Kies de optie Gewicht voor de modus voor minimale bandbreedte.
Schakel bij Extensies alle switchuitbreidingen uit. Dit is belangrijk. Als u in dit stadium een switchuitbreiding selecteert, kan dit het toevoegen van de netwerkcontroller later blokkeren.
U kunt desgewenst een virtuele-poortprofiel toevoegen en een poortclassificatie voor hostbeheer kiezen.
Selecteer een bestaand uplinkpoortprofiel of selecteerNieuw uplinkpoortprofieltoevoegen>. Geef een naam en desgewenst een beschrijving op. Gebruik de standaardinstellingen voor het taakverdelingsalgoritme en de teammodus. Selecteer alle netwerksites voor het logische beheernetwerk.
Selecteer Nieuwe netwerkadapter. Hierdoor wordt een virtuele hostnetwerkadapter (vNIC) aan uw logische switch en uplinkpoortprofiel toegevoegd, zodat de vNIC's automatisch worden toegevoegd als u de logische switch aan uw hosts toevoegt.
Geef een naam op voor de vNIC. Controleer of het VM-beheernetwerk wordt vermeld bij Connectiviteit.
Selecteer Deze netwerkadapter wordt gebruikt voor hostbeheer>Verbindingsinstellingen overnemen van de hostadapter. Hierdoor kunt u de vNIC-adapterinstellingen nemen van de adapter die al op de host bestaat. Als u eerder een poortclassificatie en virtuele-poortprofiel hebt gemaakt, kunt u dit nu selecteren.
Controleer de informatie in Samenvatting en selecteer Voltooien om de wizard te voltooien.
De logische switch implementeren
U moet de logische beheerswitch op alle hosts implementeren waarop u de NC gaat implementeren. Deze hosts moeten deel uitmaken van de VMM-hostgroep die u eerder hebt gemaakt. Meer informatie.
De beveiligingscertificaten instellen
U hebt een SSL-certificaat nodig dat wordt gebruikt voor beveiligde/HTTPS-communicatie met de netwerkcontroller. U kunt de volgende methoden gebruiken:
- Zelfondertekend certificaat: u kunt een zelfondertekend certificaat genereren en dit exporteren met de persoonlijke sleutel die is beveiligd met een wachtwoord.
- CA-certificaat (Certificate Authority): u kunt een door een CA ondertekend certificaat gebruiken.
Een zelfondertekend certificaat gebruiken
In het volgende voorbeeld wordt een nieuw zelfondertekend certificaat gemaakt dat moet worden uitgevoerd op de VMM-server.
Notitie
- U kunt een IP-adres gebruiken als de DNS-naam, maar dit wordt niet aanbevolen, omdat de netwerkcontroller wordt beperkt tot één subnet.
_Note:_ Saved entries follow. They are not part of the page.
(* Let $0<q<1$, let $n$ be a positive integer and let $s_1,\dots,s_n$ be real numbers with $s_j>1$ for all $j$. Then \[ \sum_{\sigma\in\mathfrak{S}_n} \zeta\big[s_{\sigma(1)},s_{\sigma(2)},\dots,s_{\sigma(n)}\big] = \sum_{\mathscr{P}} (-1)^{n-|\mathscr{P}|} \prod_{P\in\mathscr{P}} (|P|-1)! \sum_{\nu=0}^{|P|-1}\binom{|P|-1}{\nu}(1-q)^{\nu}\,\zeta\Big[\sum_{j\in P}s_j-\nu\Big], \] where $\mathfrak{S}_n$ is the symmetric group on $\{1,\dots,n\}$ and the sum on the right runs over all unordered set partitions $\mathscr{P}$ of $\{1,\dots,n\}$ (sets of pairwise disjoint non-empty subsets with union $\{1,\dots,n\}$), $|\mathscr{P}|$ being the number of blocks.
   Context: Fix $0<q<1$. For real $x$, $[x]_q := (1-q^x)/(1-q)$. For an integer $m\ge1$ and real $s_1,\dots,s_m$ with $s_1>1$ and $s_j\ge1$ for $j\ge2$, the multiple $q$-zeta function is $\zeta[s_1,\dots,s_m] := \sum_{k_1>\cdots>k_m>0}\prod_{j=1}^m q^{(s_j-1)k_j}/[k_j]_q^{s_j}$ (sum over positive integers). *)

theory Defs
  imports "HOL-Analysis.Analysis" "HOL-Library.Disjoint_Sets" "HOL-Combinatorics.Permutations"
begin

definition qint :: "real \<Rightarrow> real \<Rightarrow> real" where
  "qint q x = (1 - q powr x) / (1 - q)"

definition mzeta_idx :: "nat \<Rightarrow> nat list set" where
  "mzeta_idx m = {ks. length ks = m \<and> sorted_wrt (>) ks \<and> (\<forall>k\<in>set ks. 0 < k)}"

definition mqzeta :: "real \<Rightarrow> real list \<Rightarrow> real" where
  "mqzeta q s = (\<Sum>\<^sub>\<infinity> ks \<in> mzeta_idx (length s).
      \<Prod>j<length s. q powr ((s ! j - 1) * real (ks ! j)) / (qint q (real (ks ! j))) powr (s ! j))"

end

theory Submission
  imports Defs
begin

text \<open>
  Truncate all indices to \<open>k \<le> N\<close>. A permutation of \<open>{1..n}\<close> together with a strictly decreasing
  index list is the same thing as an injective map \<open>k : {1..n} \<rightarrow> {1..N}\<close>, so the truncated
  left-hand side is the sum over injective \<open>k\<close> of \<open>\<Prod>j. w\<^sub>j (k j)\<close>, where \<open>w\<^sub>j\<close> is the summand
  of \<open>\<zeta>[s\<^sub>j]\<close>. Inclusion-exclusion over the lattice of set partitions rewrites this as a sum over
  the partitions of \<open>{1..n}\<close> of products, over their blocks \<open>B\<close>, of the diagonal sums
  \<open>\<Sum>k. \<Prod>j\<in>B. w\<^sub>j k\<close>, each weighted by the Moebius value \<open>(-1)^(|B|-1) (|B|-1)!\<close>.
  Raising \<open>(1 - q) [k]\<^sub>q + q^k = 1\<close> to the power \<open>|B| - 1\<close> expands \<open>\<Prod>j\<in>B. w\<^sub>j k\<close> binomially
  into summands of \<open>\<zeta>[\<Sum>j\<in>B. s\<^sub>j - \<nu>]\<close>. Letting \<open>N \<rightarrow> \<infinity>\<close> gives the formula.
\<close>

section \<open>Partitions of an extended set\<close>

definition extend_partition :: "'a \<Rightarrow> 'a set set \<times> 'a set option \<Rightarrow> 'a set set" where
  "extend_partition a = (\<lambda>(P, ob).
     insert (insert a (case ob of None \<Rightarrow> {} | Some B \<Rightarrow> B)) (P - set_option ob))"

definition partition_slots :: "'a set \<Rightarrow> ('a set set \<times> 'a set option) set" where
  "partition_slots A = (SIGMA P:{P. partition_on A P}. insert None (Some ` P))"

lemma partition_on_Diff_block:
  assumes "partition_on A P" "B \<in> P"
  shows "partition_on (A - B) (P - {B})"
proof -
  have "disjnt B (\<Union>(P - {B}))"
    using partition_onD2[OF assms(1)] assms(2) by (auto simp: disjnt_def disjoint_def)
  moreover have "insert B (P - {B}) = P"
    using assms(2) by blast
  ultimately show ?thesis
    using partition_on_insert assms(1) by metis
qed

lemma extend_partition_Diff_singleton:
  assumes "a \<notin> A" "(P, ob) \<in> partition_slots A"
  shows "(\<lambda>C. C - {a}) ` extend_partition a (P, ob) - {{}} = P"
proof -
  have P: "partition_on A P" and ob: "set_option ob \<subseteq> P"
    using assms(2) by (auto simp: partition_slots_def)
  have "C - {a} = C" "C \<noteq> {}" if "C \<in> P" for C
    using that assms(1) partition_onD1[OF P] partition_onD3[OF P] by auto
  then show ?thesis
    using ob by (cases ob) (auto simp: extend_partition_def image_iff)
qed

lemma extend_partition_block_of:
  assumes "a \<notin> A" "(P, ob) \<in> partition_slots A" "C \<in> extend_partition a (P, ob)" "a \<in> C"
  shows "C = insert a (case ob of None \<Rightarrow> {} | Some B \<Rightarrow> B)"
proof -
  have "partition_on A P"
    using assms(2) by (simp add: partition_slots_def)
  then have "a \<notin> \<Union>P"
    using assms(1) partition_onD1 by blast
  then show ?thesis
    using assms(3,4) by (auto simp: extend_partition_def)
qed
theorem mainTheorem9:
  fixes lam :: "'i::finite \<Rightarrow> complex" and h :: "'i \<Rightarrow> 'i ser" and r :: nat
  assumes h_order2: "\<forall>j p. mdeg p \<le> 1 \<longrightarrow> h j p = 0"
    and h_analytic: "\<exists>C R. 0 < R \<and> (\<forall>j p. norm (h j p) \<le> C * R ^ mdeg p)"
  shows "\<exists>Poin poin.
    mould_expands lam (poin_iter lam (Fop lam h) r) (Dcomp lam (Fop lam h)) (calAset lam (Fop lam h)) Poin \<and>
    mould_expands lam (poin_iter lam (Fop lam h) r) (Bcomp lam (Fop lam h)) (Aset lam (Fop lam h)) poin"
proof -
  define F where "F = Fop lam h"
  define N where "N = nilpart lam F"
  interpret B: strictly_upper_op N
    unfolding N_def F_def by standard (rule op_strict_upper_nilpart_Fop[OF h_order2])
  interpret D: strictly_upper_op "op_log1p N"
    by standard (rule B.op_strict_upper_log1p)
  have F_B: "F = op_comp (Flin lam) (\<lambda>k k'. op_id k k' + N k k')"
    by (simp add: N_def Flin_comp_nilpart)
  then have F_D: "F = op_comp (Flin lam) (op_exp (op_log1p N))"
    by (simp add: B.op_exp_log1p)
  have D_comp: "Dcomp lam F = hom_comp (op_log1p N)" and B_comp: "Bcomp lam F = hom_comp N"
    by (intro ext, simp add: Dcomp_def Bcomp_def N_def)+
  have "D.Flin_mould_form lam F"
    unfolding F_D by (rule D.Flin_mould_form_exp)
  then obtain Poin where "mould_expands lam (poin_iter lam F r) (Dcomp lam F) (calAset lam F) Poin"
    unfolding calAset_def D_comp using D.Flin_mould_form_expands D.Flin_mould_form_poin_iter by blast
  moreover have "B.Flin_mould_form lam F"
    unfolding F_B by (rule B.Flin_mould_form_id_plus)
  then obtain poin where "mould_expands lam (poin_iter lam F r) (Bcomp lam F) (Aset lam F) poin"
    unfolding Aset_def B_comp using B.Flin_mould_form_expands B.Flin_mould_form_poin_iter by blast
  ultimately show ?thesis
    unfolding F_def by blast
qed
lemma Gamma_space_partial_sum:
  assumes \<alpha>: "0 < \<alpha>" "\<alpha> < 1" and "finite I" "J \<subseteq> I"
    and f: "\<And>i. i \<in> I \<Longrightarrow> f i \<in> borel_measurable lebesgue" and nonneg: "\<And>i x. i \<in> I \<Longrightarrow> f i x \<ge> 0"
    and sum: "(\<lambda>x. \<Sum>i\<in>I. f i x) \<in> Gamma_space \<alpha> w"
  shows "(\<lambda>x. \<Sum>i\<in>J. f i x) \<in> Gamma_space \<alpha> w"
proof (rule Gamma_space_mono_abs[OF sum _ _ \<alpha>])
  show "(\<lambda>x. \<Sum>i\<in>J. f i x) \<in> borel_measurable lebesgue"
    using f \<open>J \<subseteq> I\<close> by (intro borel_measurable_sum) auto
  fix x
  have "0 \<le> (\<Sum>i\<in>J. f i x)" using \<open>J \<subseteq> I\<close> nonneg by (auto intro: sum_nonneg)
  moreover have "(\<Sum>i\<in>J. f i x) \<le> (\<Sum>i\<in>I. f i x)"
    by (rule sum_mono2[OF \<open>finite I\<close> \<open>J \<subseteq> I\<close>]) (use nonneg in auto)
  ultimately show "\<bar>\<Sum>i\<in>J. f i x\<bar> \<le> \<bar>\<Sum>i\<in>I. f i x\<bar>" by simp
qed

lemma Gamma_norm_sum_le_of_norm:
  fixes N :: "('a::euclidean_space \<Rightarrow> real) \<Rightarrow> real" and f :: "'i \<Rightarrow> 'a \<Rightarrow> real"
  assumes \<alpha>: "0 < \<alpha>" "\<alpha> < 1" and c: "c > 0" and C: "C > 0"
    and add: "\<And>f g. f \<in> Gamma_space \<alpha> w \<Longrightarrow> g \<in> Gamma_space \<alpha> w \<Longrightarrow> N (\<lambda>x. f x + g x) \<le> N f + N g"
    and scale: "\<And>f a. f \<in> Gamma_space \<alpha> w \<Longrightarrow> N (\<lambda>x. a * f x) = \<bar>a\<bar> * N f"
    and lower: "\<And>f. f \<in> Gamma_space \<alpha> w \<Longrightarrow> c * enn2real (Gamma_norm \<alpha> w f) \<le> N f"
    and upper: "\<And>f. f \<in> Gamma_space \<alpha> w \<Longrightarrow> N f \<le> C * enn2real (Gamma_norm \<alpha> w f)"
    and I: "finite I" and f: "\<And>i. i \<in> I \<Longrightarrow> f i \<in> borel_measurable lebesgue"
    and nonneg: "\<And>i x. i \<in> I \<Longrightarrow> f i x \<ge> 0" and sum: "(\<lambda>x. \<Sum>i\<in>I. f i x) \<in> Gamma_space \<alpha> w"
  shows "Gamma_norm \<alpha> w (\<lambda>x. \<Sum>i\<in>I. f i x) \<le> ennreal (C / c) * (\<Sum>i\<in>I. Gamma_norm \<alpha> w (f i))"
proof -
  have partial_sums: "(\<lambda>x. \<Sum>i\<in>J. f i x) \<in> Gamma_space \<alpha> w" if "J \<subseteq> I" for J
    by (rule Gamma_space_partial_sum[OF \<alpha> I that f nonneg sum])
  have summand: "f i \<in> Gamma_space \<alpha> w" if "i \<in> I" for i
    using partial_sums[of "{i}"] that by simp
  have finite: "ennreal (enn2real (Gamma_norm \<alpha> w g)) = Gamma_norm \<alpha> w g" if "g \<in> Gamma_space \<alpha> w" for g
    using that unfolding Gamma_space_def by simp
  have "c * enn2real (Gamma_norm \<alpha> w (\<lambda>x. \<Sum>i\<in>I. f i x)) \<le> N (\<lambda>x. \<Sum>i\<in>I. f i x)"
    by (rule lower[OF sum])
  also have "\<dots> \<le> (\<Sum>i\<in>I. N (f i))"
    by (rule sublinear_sum_le[OF add scale I partial_sums])
  also have "\<dots> \<le> C * (\<Sum>i\<in>I. enn2real (Gamma_norm \<alpha> w (f i)))"
    unfolding sum_distrib_left by (intro sum_mono upper summand)
  finally have "ennreal (c * enn2real (Gamma_norm \<alpha> w (\<lambda>x. \<Sum>i\<in>I. f i x)))
      \<le> ennreal (C * (\<Sum>i\<in>I. enn2real (Gamma_norm \<alpha> w (f i))))"
    by (rule ennreal_leI)
  then have "ennreal c * Gamma_norm \<alpha> w (\<lambda>x. \<Sum>i\<in>I. f i x) \<le> ennreal C * (\<Sum>i\<in>I. Gamma_norm \<alpha> w (f i))"
    using c C by (simp add: ennreal_mult sum_nonneg sum_ennreal[symmetric] finite summand finite[OF sum])
  then have "ennreal (1 / c) * (ennreal c * Gamma_norm \<alpha> w (\<lambda>x. \<Sum>i\<in>I. f i x))
      \<le> ennreal (1 / c) * (ennreal C * (\<Sum>i\<in>I. Gamma_norm \<alpha> w (f i)))"
    by (rule mult_left_mono) simp
  then show ?thesis
    using c by (simp add: mult.assoc[symmetric] ennreal_mult'[symmetric])
qed

lemma Gamma_quasi_subadditive_if_normable:
  assumes "Gamma_normable \<alpha> w TYPE('a::euclidean_space)" and \<alpha>: "0 < \<alpha>" "\<alpha> < 1"
  obtains K where "Gamma_quasi_subadditive \<alpha> w K TYPE('a)"
proof -
  obtain N :: "('a \<Rightarrow> real) \<Rightarrow> real" and c C
    where add: "\<forall>f\<in>Gamma_space \<alpha> w. \<forall>g\<in>Gamma_space \<alpha> w. N (\<lambda>x. f x + g x) \<le> N f + N g"
      and scale: "\<forall>f\<in>Gamma_space \<alpha> w. \<forall>a. N (\<lambda>x. a * f x) = \<bar>a\<bar> * N f"
      and c: "c > 0" and C: "C > 0"
      and bounds: "\<forall>f\<in>Gamma_space \<alpha> w. c * enn2real (Gamma_norm \<alpha> w f) \<le> N f \<and> N f \<le> C * enn2real (Gamma_norm \<alpha> w f)"
    using assms(1) unfolding Gamma_normable_def by blast
  have "Gamma_quasi_subadditive \<alpha> w (C / c) TYPE('a)"
    unfolding Gamma_quasi_subadditive_def
  proof (intro allI impI, elim conjE)
    fix I and f :: "nat \<Rightarrow> 'a \<Rightarrow> real"
    assume "finite I" "\<forall>i\<in>I. f i \<in> borel_measurable lebesgue \<and> (\<forall>x. 0 \<le> f i x)"
      "(\<lambda>x. \<Sum>i\<in>I. f i x) \<in> Gamma_space \<alpha> w"
    then show "Gamma_norm \<alpha> w (\<lambda>x. \<Sum>i\<in>I. f i x) \<le> ennreal (C / c) * (\<Sum>i\<in>I. Gamma_norm \<alpha> w (f i))"
      using add scale bounds by (intro Gamma_norm_sum_le_of_norm[OF \<alpha> c C, of w N]) auto
  qed
  then show ?thesis by (rule that)
qed

section \<open>Disjoint boxes and dyadic approximation\<close>

lemma disjoint_boxes:
  assumes s: "s > 0"
  obtains B :: "nat \<Rightarrow> 'a::euclidean_space set"
  where "\<And>i. B i \<in> sets borel" "\<And>i. emeasure lborel (B i) = ennreal s" "disjoint_family B"
proof -
  define d where "d = DIM('a)"
  define l where "l = s powr (1 / d)"
  have l: "l > 0" unfolding l_def using s by simp
  have "l ^ d = l powr real d" using l by (simp add: powr_realpow)
  also have "\<dots> = s" unfolding l_def using s by (simp add: powr_powr d_def)
  finally have l_pow: "l ^ d = s" .
  have One: "(One::'a) \<bullet> b = 1" if "b \<in> Basis" for b
    using that by (simp add: inner_sum_left sum.If_cases inner_Basis)
  define B :: "nat \<Rightarrow> 'a set" where "B i = box ((2 * real i * l) *\<^sub>R One) (((2 * real i + 1) * l) *\<^sub>R One)" for i
  have mem_B: "x \<in> B i \<longleftrightarrow> (\<forall>b\<in>Basis. 2 * real i * l < x \<bullet> b \<and> x \<bullet> b < (2 * real i + 1) * l)" for x i
    unfolding B_def mem_box by (simp add: One)
  have "emeasure lborel (B i) = ennreal s" for i
    unfolding B_def emeasure_lborel_box_eq using l l_pow
    by (simp add: One inner_diff_left algebra_simps d_def)
  moreover have "disjoint_family B"
    unfolding disjoint_family_on_def
  proof (intro ballI impI)
    fix i j :: nat assume "i \<noteq> j"
    show "B i \<inter> B j = {}"
    proof (rule ccontr)
      assume "B i \<inter> B j \<noteq> {}"
      then obtain x where x: "x \<in> B i" "x \<in> B j" by auto
      obtain b :: 'a where b: "b \<in> Basis" using nonempty_Basis by blast
      have "2 * real i * l < (2 * real j + 1) * l" "2 * real j * l < (2 * real i + 1) * l"
        using x b mem_B by fastforce+
      then have "2 * real i < 2 * real j + 1" "2 * real j < 2 * real i + 1" using l by simp_all
      then show False using \<open>i \<noteq> j\<close> by linarith
    qed
  qed
  ultimately show ?thesis using that[of B] by (auto simp: B_def)
qed

lemma sum_levels_eq_min_floor:
  fixes h y :: real and K :: nat
  assumes h: "h > 0" and y: "y \<ge> 0"
  shows "(\<Sum>k\<in>{1..K}. if k * h \<le> y then h else 0) = min (K * h) (h * \<lfloor>y / h\<rfloor>)"
proof -
  define t where "t = nat \<lfloor>y / h\<rfloor>"
  have t: "real t = \<lfloor>y / h\<rfloor>" unfolding t_def using y h by simp
  have iff: "k * h \<le> y \<longleftrightarrow> k \<le> t" for k :: nat
  proof -
    have "k * h \<le> y \<longleftrightarrow> real k \<le> y / h" using h by (simp add: field_simps)
    also have "\<dots> \<longleftrightarrow> k \<le> t" unfolding t_def using y h by (simp add: le_nat_iff le_floor_iff)
    finally show ?thesis .
  qed
  have "{k \<in> {1..K}. k * h \<le> y} = {1..min K t}"
    using iff by (intro set_eqI) simp
  moreover have "(\<Sum>k\<in>{1..K}. if k * h \<le> y then h else 0) = (\<Sum>k\<in>{k \<in> {1..K}. k * h \<le> y}. h)"
    by (rule sum.inter_filter[symmetric]) simp
  ultimately have "(\<Sum>k\<in>{1..K}. if k * h \<le> y then h else 0) = (\<Sum>k\<in>{1..min K t}. h)"
    by simp
  also have "\<dots> = min (K * h) (h * \<lfloor>y / h\<rfloor>)"
    using h unfolding t[symmetric] by (simp add: min_def mult.commute)
  finally show ?thesis .
qed

lemma floor_refine_le:
  fixes y h :: real
  assumes h: "h > 0"
  shows "h * \<lfloor>y / h\<rfloor> \<le> (h / 2) * \<lfloor>y / (h / 2)\<rfloor>"
proof -
  have "y / (h / 2) = 2 * (y / h)" using h by (simp add: field_simps)
  moreover have "2 * real_of_int \<lfloor>y / h\<rfloor> \<le> 2 * (y / h)"
    by (intro mult_left_mono of_int_floor_le) simp
  ultimately have "real_of_int (2 * \<lfloor>y / h\<rfloor>) \<le> y / (h / 2)"
    by (simp only: of_int_mult of_int_numeral)
  then have "real_of_int (2 * \<lfloor>y / h\<rfloor>) \<le> \<lfloor>y / (h / 2)\<rfloor>"
    by (simp only: of_int_le_iff le_floor_iff)
  then have "(h / 2) * real_of_int (2 * \<lfloor>y / h\<rfloor>) \<le> (h / 2) * \<lfloor>y / (h / 2)\<rfloor>"
    using h by (intro mult_left_mono) auto
  then show ?thesis by simp
qed

definition dyadic_step :: "nat \<Rightarrow> real" where "dyadic_step n = 1 / 2 ^ n"

definition dyadic_level :: "('a::euclidean_space \<Rightarrow> real) \<Rightarrow> nat \<Rightarrow> nat \<Rightarrow> 'a set" where
  "dyadic_level f n k = {x \<in> ball 0 n. k * dyadic_step n \<le> \<bar>f x\<bar>}"

definition dyadic_approx :: "('a::euclidean_space \<Rightarrow> real) \<Rightarrow> nat \<Rightarrow> 'a \<Rightarrow> real" where
  "dyadic_approx f n x = (\<Sum>k\<in>{1..n * 2 ^ n}. dyadic_step n * indicator (dyadic_level f n k) x)"

lemma dyadic_step_pos: "dyadic_step n > 0"
  unfolding dyadic_step_def by simp

lemma dyadic_approx_eq:
  "dyadic_approx f n x = indicator (ball 0 n) x * min n (dyadic_step n * \<lfloor>\<bar>f x\<bar> / dyadic_step n\<rfloor>)"
proof (cases "x \<in> ball 0 n")
  case True
  have "dyadic_approx f n x = (\<Sum>k\<in>{1..n * 2 ^ n}. if k * dyadic_step n \<le> \<bar>f x\<bar> then dyadic_step n else 0)"
    unfolding dyadic_approx_def dyadic_level_def using True by (intro sum.cong) auto
  also have "\<dots> = min (real (n * 2 ^ n) * dyadic_step n) (dyadic_step n * \<lfloor>\<bar>f x\<bar> / dyadic_step n\<rfloor>)"
    by (rule sum_levels_eq_min_floor[OF dyadic_step_pos]) simp
  finally show ?thesis using True by (simp add: dyadic_step_def)
qed (simp add: dyadic_approx_def dyadic_level_def)

lemma dyadic_step_Suc: "dyadic_step (Suc n) = dyadic_step n / 2"
  unfolding dyadic_step_def by simp

lemma dyadic_approx_nonneg: "dyadic_approx f n x \<ge> 0"
  unfolding dyadic_approx_def using dyadic_step_pos[of n] by (intro sum_nonneg) auto

lemma dyadic_approx_le: "dyadic_approx f n x \<le> real n * indicator (ball 0 n) x"
  unfolding dyadic_approx_eq by (auto simp: indicator_def)

lemma dyadic_approx_mono: "dyadic_approx f n x \<le> dyadic_approx f (Suc n) x"
proof -
  have "dyadic_step n * \<lfloor>\<bar>f x\<bar> / dyadic_step n\<rfloor> \<le> dyadic_step (Suc n) * \<lfloor>\<bar>f x\<bar> / dyadic_step (Suc n)\<rfloor>"
    unfolding dyadic_step_Suc by (rule floor_refine_le[OF dyadic_step_pos])
  moreover have "0 \<le> dyadic_step n * \<lfloor>\<bar>f x\<bar> / dyadic_step n\<rfloor>"
    using dyadic_step_pos[of n] by simp
  ultimately show ?thesis
    unfolding dyadic_approx_eq by (auto simp: indicator_def intro: min.mono)
qed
- U kunt een beschrijvende naam naar keuze voor uw netwerkcontroller gebruiken.
- Voor de implementatie van meerdere knooppunten moet de DNS-naam de REST-naam zijn die u wilt gebruiken.
- Voor de implementatie van één knooppunt moet de DNS-naam de naam van de netwerkcontroller zijn, gevolgd door de volledige domeinnaam.
Implementatie | Syntaxis | Voorbeeld |
---|---|---|
Meerdere knooppunten | New-SelfSignedCertificate -KeyUsageProperty All -Provider "Microsoft Strong Cryptographic Provider" -FriendlyName "<YourNCComputerName>" -DnsName @("<NCRESTName>") |
New-SelfSignedCertificate -KeyUsageProperty All -Provider "Microsoft Strong Cryptographic Provider" -FriendlyName "MultiNodeNC" -DnsName @("NCCluster.Contoso.com") |
Eén knooppunt | New-SelfSignedCertificate -KeyUsageProperty All -Provider "Microsoft Strong Cryptographic Provider" -FriendlyName "<YourNCComputerName>" -DnsName @("<NCFQDN>") |
New-SelfSignedCertificate -KeyUsageProperty All -Provider "Microsoft Strong Cryptographic Provider" -FriendlyName "SingleNodeNC" -DnsName @("SingleNodeNC.Contoso.com") |
Het zelfondertekende certificaat exporteren
Exporteer het certificaat en de persoonlijke sleutel in PFX-indeling.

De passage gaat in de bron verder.